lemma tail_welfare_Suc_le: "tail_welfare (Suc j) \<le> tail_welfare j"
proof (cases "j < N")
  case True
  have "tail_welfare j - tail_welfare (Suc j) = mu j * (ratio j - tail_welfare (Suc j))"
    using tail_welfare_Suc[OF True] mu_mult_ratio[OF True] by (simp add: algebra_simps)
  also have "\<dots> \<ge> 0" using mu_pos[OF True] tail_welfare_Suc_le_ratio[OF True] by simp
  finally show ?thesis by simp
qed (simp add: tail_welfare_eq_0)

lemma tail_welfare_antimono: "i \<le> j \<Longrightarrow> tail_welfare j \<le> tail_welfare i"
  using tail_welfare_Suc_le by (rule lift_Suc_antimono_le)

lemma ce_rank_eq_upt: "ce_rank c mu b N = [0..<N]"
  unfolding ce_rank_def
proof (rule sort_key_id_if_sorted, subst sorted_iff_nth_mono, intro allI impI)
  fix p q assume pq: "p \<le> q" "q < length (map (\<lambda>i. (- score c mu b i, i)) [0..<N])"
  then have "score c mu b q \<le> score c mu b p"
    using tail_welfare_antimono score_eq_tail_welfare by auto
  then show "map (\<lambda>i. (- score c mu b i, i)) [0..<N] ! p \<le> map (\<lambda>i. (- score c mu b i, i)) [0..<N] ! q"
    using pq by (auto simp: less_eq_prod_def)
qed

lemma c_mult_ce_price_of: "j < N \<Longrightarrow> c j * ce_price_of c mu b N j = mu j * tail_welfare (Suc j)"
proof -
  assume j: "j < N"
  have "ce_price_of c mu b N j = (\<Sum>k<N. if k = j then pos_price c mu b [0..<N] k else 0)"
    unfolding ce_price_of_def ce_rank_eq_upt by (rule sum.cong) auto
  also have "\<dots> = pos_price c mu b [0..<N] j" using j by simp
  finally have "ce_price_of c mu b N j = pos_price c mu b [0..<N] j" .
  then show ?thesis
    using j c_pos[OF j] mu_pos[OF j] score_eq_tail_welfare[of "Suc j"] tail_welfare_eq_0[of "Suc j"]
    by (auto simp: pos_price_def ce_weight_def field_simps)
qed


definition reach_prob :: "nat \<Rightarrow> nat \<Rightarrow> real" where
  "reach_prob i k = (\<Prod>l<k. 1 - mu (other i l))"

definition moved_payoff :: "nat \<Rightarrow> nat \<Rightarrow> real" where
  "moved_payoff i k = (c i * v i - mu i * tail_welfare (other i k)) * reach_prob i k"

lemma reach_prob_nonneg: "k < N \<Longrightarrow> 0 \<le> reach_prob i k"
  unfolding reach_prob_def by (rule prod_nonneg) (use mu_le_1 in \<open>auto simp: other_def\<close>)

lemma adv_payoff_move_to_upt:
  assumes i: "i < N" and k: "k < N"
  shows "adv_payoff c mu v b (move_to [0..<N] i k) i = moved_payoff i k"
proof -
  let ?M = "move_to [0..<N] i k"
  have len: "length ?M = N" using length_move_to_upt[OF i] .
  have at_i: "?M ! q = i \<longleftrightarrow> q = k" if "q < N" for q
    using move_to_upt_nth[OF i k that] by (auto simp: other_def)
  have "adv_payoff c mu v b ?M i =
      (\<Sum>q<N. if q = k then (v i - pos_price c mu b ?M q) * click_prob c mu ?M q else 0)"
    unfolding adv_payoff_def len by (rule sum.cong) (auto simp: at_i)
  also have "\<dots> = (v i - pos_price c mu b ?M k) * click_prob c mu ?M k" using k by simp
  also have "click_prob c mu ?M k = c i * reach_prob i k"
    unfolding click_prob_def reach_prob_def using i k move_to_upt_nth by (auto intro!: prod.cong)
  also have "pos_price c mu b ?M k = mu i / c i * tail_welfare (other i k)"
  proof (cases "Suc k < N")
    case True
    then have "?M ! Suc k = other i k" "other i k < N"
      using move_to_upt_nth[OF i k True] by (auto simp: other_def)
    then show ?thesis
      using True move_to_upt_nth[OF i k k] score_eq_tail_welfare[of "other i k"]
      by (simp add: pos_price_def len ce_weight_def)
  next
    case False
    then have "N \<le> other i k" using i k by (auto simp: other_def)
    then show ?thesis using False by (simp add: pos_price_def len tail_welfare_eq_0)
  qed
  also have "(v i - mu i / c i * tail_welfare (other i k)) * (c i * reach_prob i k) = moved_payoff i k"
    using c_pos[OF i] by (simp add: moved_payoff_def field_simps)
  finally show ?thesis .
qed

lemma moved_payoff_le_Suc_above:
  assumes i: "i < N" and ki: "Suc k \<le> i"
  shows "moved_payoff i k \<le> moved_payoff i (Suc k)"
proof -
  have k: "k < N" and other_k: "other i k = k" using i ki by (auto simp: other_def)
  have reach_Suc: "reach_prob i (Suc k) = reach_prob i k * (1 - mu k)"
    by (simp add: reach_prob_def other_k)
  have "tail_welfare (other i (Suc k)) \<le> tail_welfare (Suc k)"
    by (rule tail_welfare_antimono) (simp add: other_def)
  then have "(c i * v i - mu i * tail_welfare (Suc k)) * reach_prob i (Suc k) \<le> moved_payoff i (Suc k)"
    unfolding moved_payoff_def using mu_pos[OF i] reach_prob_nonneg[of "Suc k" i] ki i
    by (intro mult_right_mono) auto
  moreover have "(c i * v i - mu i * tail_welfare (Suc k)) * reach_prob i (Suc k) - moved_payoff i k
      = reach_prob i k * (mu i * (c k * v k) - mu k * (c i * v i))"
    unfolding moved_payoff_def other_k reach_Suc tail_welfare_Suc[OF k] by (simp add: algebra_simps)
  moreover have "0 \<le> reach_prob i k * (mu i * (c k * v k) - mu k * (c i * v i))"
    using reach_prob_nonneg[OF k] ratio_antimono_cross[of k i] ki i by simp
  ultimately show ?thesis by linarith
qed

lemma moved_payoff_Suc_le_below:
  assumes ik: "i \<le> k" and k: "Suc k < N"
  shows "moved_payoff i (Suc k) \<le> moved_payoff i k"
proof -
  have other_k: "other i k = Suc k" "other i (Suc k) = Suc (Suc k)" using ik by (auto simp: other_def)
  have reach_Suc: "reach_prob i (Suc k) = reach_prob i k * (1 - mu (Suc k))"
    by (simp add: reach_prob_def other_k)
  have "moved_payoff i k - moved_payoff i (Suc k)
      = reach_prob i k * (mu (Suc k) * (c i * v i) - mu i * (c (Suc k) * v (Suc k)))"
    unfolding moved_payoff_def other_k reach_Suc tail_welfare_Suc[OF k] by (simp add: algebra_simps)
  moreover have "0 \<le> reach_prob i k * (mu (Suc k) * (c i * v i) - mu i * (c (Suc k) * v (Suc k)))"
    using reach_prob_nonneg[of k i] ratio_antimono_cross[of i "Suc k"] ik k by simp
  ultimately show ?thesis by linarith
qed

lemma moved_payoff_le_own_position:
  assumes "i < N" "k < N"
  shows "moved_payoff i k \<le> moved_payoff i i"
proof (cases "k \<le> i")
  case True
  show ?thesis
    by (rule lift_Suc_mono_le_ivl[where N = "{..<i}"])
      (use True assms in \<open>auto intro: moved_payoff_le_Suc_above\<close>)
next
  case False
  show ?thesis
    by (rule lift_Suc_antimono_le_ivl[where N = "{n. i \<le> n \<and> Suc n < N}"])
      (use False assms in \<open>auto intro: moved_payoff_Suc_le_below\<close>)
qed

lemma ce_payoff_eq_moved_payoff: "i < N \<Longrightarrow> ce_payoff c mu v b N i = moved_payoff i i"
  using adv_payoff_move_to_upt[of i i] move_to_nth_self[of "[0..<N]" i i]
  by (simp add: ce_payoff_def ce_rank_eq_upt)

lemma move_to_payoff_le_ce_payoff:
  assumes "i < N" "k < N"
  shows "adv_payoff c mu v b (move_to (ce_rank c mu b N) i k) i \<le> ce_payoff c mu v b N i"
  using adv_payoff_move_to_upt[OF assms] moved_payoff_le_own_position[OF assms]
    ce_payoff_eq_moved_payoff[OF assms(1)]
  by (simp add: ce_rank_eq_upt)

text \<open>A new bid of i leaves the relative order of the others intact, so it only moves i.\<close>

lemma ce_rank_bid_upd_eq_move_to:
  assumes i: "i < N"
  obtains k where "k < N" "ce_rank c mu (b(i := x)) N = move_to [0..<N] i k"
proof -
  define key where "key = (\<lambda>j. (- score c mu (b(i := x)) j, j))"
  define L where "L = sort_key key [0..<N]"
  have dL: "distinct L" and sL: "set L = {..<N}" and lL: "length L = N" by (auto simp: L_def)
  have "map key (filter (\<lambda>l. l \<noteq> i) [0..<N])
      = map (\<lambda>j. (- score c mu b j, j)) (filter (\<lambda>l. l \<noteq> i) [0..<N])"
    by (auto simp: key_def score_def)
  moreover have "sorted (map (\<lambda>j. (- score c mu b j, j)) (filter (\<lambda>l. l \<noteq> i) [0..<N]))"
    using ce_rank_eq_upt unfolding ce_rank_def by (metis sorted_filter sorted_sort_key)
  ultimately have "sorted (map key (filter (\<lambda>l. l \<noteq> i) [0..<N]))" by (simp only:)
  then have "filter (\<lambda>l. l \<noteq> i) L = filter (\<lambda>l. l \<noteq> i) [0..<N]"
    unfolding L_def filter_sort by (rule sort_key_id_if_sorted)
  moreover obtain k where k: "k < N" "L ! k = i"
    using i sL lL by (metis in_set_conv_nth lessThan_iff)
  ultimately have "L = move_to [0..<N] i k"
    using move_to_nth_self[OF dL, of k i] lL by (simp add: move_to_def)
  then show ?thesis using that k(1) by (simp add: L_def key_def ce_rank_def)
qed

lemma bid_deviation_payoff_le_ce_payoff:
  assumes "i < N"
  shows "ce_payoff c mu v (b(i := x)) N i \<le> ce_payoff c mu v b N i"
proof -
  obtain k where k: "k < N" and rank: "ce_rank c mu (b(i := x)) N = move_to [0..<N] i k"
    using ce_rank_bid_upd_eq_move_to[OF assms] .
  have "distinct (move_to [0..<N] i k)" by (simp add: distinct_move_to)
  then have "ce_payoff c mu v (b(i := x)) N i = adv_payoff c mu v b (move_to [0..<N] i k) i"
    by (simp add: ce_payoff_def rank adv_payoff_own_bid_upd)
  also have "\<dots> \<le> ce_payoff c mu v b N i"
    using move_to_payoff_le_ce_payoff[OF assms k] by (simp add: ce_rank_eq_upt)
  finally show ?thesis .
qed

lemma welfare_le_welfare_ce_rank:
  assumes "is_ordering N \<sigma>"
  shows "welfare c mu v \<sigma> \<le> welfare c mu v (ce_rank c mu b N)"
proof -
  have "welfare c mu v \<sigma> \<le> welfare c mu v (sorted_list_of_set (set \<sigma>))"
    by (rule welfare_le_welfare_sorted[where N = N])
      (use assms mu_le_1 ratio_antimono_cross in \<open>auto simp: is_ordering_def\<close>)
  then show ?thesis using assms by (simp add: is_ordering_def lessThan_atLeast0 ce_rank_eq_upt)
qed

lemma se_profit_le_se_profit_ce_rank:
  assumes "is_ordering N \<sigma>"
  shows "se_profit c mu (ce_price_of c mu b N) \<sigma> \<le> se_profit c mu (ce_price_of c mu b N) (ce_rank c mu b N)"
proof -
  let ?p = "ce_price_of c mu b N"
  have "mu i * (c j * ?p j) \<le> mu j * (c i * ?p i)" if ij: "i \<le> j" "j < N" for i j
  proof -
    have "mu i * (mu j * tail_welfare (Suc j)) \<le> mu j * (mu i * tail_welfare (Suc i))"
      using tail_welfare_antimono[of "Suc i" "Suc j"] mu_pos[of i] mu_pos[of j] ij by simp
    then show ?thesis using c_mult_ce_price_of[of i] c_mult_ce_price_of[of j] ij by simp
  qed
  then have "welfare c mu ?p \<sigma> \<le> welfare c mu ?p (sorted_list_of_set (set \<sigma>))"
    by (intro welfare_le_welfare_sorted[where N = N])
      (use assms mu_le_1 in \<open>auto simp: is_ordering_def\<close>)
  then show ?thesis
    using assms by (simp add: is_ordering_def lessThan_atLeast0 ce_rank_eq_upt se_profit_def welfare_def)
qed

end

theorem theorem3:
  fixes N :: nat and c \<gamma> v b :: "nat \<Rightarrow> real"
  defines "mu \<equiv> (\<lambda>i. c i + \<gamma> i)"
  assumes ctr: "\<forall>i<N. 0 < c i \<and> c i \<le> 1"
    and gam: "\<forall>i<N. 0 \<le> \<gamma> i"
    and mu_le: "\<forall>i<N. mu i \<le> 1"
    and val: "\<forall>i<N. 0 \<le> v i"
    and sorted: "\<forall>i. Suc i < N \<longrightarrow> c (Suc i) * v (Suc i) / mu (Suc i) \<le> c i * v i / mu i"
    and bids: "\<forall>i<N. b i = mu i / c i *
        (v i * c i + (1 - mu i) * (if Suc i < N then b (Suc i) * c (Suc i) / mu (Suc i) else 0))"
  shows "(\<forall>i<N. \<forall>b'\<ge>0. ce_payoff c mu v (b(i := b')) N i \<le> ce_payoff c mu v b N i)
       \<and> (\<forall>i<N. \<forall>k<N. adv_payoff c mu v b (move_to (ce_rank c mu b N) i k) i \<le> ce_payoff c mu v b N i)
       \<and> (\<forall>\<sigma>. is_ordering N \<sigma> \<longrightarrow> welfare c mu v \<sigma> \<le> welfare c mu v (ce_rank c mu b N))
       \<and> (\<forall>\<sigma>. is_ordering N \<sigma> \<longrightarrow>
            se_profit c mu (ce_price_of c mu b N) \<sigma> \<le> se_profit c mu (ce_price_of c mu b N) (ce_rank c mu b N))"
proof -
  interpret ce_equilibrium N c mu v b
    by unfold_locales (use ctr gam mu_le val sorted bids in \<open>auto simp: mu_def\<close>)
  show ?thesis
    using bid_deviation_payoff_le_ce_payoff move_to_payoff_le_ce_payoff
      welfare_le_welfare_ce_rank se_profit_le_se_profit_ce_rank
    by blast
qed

........

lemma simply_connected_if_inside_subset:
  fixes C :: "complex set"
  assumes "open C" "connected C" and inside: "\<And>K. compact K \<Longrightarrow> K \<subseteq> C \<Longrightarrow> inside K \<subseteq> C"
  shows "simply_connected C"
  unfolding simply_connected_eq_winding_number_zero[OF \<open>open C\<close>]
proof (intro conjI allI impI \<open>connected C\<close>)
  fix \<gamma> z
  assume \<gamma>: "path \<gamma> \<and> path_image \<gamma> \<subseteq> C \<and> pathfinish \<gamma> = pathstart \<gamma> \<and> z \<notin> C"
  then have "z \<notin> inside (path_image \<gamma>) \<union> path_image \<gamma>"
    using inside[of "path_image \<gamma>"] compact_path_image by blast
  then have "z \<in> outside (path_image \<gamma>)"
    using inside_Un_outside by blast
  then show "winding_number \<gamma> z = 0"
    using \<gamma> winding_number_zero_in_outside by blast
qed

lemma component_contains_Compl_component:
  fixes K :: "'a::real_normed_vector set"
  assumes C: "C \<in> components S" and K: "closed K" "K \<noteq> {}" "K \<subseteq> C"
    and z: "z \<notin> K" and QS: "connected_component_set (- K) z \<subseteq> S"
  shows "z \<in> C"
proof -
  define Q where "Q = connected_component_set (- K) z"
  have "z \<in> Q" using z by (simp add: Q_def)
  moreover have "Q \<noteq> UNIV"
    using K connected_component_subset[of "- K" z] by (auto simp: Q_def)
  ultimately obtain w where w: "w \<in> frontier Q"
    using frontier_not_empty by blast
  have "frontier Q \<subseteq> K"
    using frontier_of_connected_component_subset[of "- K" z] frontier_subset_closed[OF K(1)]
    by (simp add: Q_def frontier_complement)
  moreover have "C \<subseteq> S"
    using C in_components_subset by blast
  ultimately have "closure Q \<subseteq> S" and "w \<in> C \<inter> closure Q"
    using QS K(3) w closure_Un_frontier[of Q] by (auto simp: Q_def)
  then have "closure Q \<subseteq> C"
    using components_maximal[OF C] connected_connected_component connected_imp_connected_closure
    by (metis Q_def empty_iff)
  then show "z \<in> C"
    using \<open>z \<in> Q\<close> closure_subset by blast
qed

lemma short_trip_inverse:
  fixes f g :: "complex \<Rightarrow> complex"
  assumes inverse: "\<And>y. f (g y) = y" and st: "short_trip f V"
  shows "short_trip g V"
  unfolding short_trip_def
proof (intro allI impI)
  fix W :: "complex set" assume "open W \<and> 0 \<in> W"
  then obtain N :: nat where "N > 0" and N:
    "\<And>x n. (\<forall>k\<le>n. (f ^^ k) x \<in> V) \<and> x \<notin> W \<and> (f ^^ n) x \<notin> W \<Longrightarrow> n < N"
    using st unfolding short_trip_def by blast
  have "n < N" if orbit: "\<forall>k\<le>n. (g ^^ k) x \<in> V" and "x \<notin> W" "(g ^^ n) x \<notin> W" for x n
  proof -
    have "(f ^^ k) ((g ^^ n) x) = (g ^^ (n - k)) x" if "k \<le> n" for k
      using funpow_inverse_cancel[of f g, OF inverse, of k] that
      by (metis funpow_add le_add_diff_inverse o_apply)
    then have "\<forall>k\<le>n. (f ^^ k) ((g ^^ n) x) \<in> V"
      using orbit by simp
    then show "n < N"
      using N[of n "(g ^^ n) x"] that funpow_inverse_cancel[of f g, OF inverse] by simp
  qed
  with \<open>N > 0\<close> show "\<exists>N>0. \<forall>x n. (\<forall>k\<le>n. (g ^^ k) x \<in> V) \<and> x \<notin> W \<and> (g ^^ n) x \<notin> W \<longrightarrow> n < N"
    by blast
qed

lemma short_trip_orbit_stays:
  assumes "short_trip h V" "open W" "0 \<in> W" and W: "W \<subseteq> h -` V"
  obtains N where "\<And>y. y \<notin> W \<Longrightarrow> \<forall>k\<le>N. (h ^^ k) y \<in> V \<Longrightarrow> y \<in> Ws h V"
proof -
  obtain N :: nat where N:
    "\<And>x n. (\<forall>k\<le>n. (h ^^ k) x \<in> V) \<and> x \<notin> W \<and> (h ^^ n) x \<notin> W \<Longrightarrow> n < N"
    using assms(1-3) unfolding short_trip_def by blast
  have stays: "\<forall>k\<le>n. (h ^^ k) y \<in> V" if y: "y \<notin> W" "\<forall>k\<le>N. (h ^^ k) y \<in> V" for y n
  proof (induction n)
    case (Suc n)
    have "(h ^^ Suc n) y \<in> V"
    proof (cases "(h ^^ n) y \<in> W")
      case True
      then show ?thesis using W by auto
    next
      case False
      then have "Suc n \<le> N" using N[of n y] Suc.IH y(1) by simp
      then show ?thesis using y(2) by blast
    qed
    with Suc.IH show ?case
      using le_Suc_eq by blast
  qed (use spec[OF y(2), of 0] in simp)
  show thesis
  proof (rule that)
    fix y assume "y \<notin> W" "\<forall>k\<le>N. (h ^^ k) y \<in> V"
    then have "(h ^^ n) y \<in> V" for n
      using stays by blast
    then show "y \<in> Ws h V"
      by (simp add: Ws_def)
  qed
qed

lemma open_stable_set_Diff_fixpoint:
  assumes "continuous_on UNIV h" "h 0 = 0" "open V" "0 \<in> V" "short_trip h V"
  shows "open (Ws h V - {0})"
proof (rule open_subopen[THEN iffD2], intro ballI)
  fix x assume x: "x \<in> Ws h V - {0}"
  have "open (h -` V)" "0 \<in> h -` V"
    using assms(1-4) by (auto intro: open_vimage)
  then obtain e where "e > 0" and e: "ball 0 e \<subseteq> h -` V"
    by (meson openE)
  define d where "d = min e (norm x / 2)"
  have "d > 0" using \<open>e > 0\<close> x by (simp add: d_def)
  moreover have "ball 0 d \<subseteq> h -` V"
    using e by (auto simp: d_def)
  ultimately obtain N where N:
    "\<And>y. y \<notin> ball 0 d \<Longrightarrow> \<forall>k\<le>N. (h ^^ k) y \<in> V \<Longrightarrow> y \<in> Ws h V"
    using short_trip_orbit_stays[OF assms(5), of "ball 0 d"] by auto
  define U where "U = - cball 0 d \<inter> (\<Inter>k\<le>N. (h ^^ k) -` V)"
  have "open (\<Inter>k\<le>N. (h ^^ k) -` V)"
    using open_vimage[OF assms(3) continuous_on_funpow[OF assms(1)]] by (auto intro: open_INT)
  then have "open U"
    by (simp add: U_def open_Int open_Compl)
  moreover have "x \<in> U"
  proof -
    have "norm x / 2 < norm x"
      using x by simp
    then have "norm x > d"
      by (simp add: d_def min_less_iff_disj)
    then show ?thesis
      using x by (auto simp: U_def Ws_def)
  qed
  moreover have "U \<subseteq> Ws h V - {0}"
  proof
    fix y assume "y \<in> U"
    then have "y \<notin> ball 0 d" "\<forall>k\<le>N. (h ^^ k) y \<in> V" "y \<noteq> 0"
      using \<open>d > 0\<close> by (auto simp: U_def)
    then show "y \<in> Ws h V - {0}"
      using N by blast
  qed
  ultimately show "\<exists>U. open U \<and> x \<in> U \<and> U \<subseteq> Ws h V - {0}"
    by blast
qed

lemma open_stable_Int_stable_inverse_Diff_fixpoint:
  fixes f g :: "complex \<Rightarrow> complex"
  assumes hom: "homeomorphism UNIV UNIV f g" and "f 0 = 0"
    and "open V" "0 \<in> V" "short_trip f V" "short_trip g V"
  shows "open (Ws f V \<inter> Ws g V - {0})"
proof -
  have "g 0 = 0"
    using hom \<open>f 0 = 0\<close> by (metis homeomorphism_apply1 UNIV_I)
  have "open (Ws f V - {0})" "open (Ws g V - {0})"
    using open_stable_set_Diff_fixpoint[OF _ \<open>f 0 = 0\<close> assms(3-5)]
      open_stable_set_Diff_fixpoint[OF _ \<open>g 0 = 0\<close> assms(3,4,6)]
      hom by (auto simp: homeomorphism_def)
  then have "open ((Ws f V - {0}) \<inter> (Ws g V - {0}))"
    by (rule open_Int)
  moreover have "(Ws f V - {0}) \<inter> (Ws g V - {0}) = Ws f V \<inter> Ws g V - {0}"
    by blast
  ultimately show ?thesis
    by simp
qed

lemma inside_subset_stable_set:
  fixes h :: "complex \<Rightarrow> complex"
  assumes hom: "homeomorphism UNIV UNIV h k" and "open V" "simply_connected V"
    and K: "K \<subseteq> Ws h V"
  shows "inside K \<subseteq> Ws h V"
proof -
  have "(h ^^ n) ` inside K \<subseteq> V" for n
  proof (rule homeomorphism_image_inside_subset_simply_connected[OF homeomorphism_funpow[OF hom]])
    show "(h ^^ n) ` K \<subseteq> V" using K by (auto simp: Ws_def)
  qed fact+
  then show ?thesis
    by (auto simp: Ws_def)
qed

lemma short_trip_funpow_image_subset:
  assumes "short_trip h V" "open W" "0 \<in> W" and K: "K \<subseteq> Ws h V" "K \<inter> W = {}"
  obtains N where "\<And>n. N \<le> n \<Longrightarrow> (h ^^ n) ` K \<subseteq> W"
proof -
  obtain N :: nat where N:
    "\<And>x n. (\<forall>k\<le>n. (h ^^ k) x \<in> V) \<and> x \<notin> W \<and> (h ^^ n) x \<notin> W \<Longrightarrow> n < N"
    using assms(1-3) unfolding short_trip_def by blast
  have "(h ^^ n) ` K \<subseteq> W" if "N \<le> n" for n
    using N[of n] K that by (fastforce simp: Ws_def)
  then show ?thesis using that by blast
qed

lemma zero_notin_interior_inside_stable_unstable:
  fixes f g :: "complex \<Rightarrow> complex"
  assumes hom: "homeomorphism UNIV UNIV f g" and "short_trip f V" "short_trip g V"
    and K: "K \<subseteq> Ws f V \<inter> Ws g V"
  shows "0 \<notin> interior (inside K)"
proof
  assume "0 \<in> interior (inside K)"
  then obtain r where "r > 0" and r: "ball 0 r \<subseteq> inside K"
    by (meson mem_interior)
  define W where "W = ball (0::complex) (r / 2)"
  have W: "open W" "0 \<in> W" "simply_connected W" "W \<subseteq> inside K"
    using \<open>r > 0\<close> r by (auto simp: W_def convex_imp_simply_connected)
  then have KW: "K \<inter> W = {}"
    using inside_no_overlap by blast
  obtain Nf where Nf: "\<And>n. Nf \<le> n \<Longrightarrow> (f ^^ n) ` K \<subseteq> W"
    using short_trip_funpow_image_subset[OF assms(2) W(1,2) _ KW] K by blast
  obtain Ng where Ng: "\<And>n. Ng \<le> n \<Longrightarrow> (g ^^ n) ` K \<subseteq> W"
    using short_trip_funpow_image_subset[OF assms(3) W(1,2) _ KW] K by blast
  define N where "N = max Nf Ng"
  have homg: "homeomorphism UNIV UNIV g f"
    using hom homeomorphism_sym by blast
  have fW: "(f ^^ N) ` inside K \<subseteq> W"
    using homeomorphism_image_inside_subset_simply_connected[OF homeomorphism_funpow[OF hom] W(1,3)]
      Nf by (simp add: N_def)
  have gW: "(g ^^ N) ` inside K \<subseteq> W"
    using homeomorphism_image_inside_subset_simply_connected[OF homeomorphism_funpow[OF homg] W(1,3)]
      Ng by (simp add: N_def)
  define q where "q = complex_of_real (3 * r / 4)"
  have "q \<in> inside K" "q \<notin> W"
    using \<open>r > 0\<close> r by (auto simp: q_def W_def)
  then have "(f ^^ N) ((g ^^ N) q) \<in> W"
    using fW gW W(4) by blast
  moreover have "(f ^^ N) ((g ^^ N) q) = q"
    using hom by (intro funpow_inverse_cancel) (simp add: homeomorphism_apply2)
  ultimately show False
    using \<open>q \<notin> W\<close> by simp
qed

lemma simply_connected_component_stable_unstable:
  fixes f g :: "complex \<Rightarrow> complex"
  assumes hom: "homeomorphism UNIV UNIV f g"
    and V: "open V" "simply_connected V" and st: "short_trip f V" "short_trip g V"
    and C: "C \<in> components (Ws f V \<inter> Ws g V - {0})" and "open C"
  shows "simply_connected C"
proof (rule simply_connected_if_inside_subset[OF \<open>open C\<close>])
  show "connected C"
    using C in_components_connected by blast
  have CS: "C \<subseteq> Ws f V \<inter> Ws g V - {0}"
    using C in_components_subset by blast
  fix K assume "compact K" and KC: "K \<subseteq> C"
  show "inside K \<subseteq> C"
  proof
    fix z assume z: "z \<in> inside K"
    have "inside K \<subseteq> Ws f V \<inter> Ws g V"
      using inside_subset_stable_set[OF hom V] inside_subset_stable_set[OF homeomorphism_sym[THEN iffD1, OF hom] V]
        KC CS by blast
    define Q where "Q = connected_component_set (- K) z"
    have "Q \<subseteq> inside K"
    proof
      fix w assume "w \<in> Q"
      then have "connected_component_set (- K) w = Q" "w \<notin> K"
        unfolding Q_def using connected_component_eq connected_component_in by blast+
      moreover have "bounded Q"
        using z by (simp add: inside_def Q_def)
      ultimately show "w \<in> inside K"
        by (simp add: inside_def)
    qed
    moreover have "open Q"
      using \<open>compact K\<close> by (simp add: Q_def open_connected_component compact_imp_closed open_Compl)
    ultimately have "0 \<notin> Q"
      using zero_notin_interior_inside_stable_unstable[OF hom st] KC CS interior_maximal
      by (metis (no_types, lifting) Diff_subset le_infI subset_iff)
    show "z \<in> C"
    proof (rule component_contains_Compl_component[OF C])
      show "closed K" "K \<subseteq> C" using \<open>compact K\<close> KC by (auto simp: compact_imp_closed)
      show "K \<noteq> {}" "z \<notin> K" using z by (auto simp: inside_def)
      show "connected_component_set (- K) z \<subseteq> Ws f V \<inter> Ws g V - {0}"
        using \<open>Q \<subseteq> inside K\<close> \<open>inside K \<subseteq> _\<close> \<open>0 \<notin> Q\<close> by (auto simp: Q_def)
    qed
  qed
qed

........

**TASK PROMPT**
Produce only the lines from the line containing "qed (simp add: tail_welfare_eq_0)" through the line containing "N \<Longrightarrow> 0", inclusive of both, exactly as they stand in the entries above.

**SOLUTION TO THE PROBLEM**
qed (simp add: tail_welfare_eq_0)

lemma tail_welfare_antimono: "i \<le> j \<Longrightarrow> tail_welfare j \<le> tail_welfare i"
  using tail_welfare_Suc_le by (rule lift_Suc_antimono_le)

lemma ce_rank_eq_upt: "ce_rank c mu b N = [0..<N]"
  unfolding ce_rank_def
proof (rule sort_key_id_if_sorted, subst sorted_iff_nth_mono, intro allI impI)
  fix p q assume pq: "p \<le> q" "q < length (map (\<lambda>i. (- score c mu b i, i)) [0..<N])"
  then have "score c mu b q \<le> score c mu b p"
    using tail_welfare_antimono score_eq_tail_welfare by auto
  then show "map (\<lambda>i. (- score c mu b i, i)) [0..<N] ! p \<le> map (\<lambda>i. (- score c mu b i, i)) [0..<N] ! q"
    using pq by (auto simp: less_eq_prod_def)
qed

lemma c_mult_ce_price_of: "j < N \<Longrightarrow> c j * ce_price_of c mu b N j = mu j * tail_welfare (Suc j)"
proof -
  assume j: "j < N"
  have "ce_price_of c mu b N j = (\<Sum>k<N. if k = j then pos_price c mu b [0..<N] k else 0)"
    unfolding ce_price_of_def ce_rank_eq_upt by (rule sum.cong) auto
  also have "\<dots> = pos_price c mu b [0..<N] j" using j by simp
  finally have "ce_price_of c mu b N j = pos_price c mu b [0..<N] j" .
  then show ?thesis
    using j c_pos[OF j] mu_pos[OF j] score_eq_tail_welfare[of "Suc j"] tail_welfare_eq_0[of "Suc j"]
    by (auto simp: pos_price_def ce_weight_def field_simps)
qed


definition reach_prob :: "nat \<Rightarrow> nat \<Rightarrow> real" where
  "reach_prob i k = (\<Prod>l<k. 1 - mu (other i l))"

definition moved_payoff :: "nat \<Rightarrow> nat \<Rightarrow> real" where
  "moved_payoff i k = (c i * v i - mu i * tail_welfare (other i k)) * reach_prob i k"

lemma reach_prob_nonneg: "k < N \<Longrightarrow> 0 \<le> reach_prob i k"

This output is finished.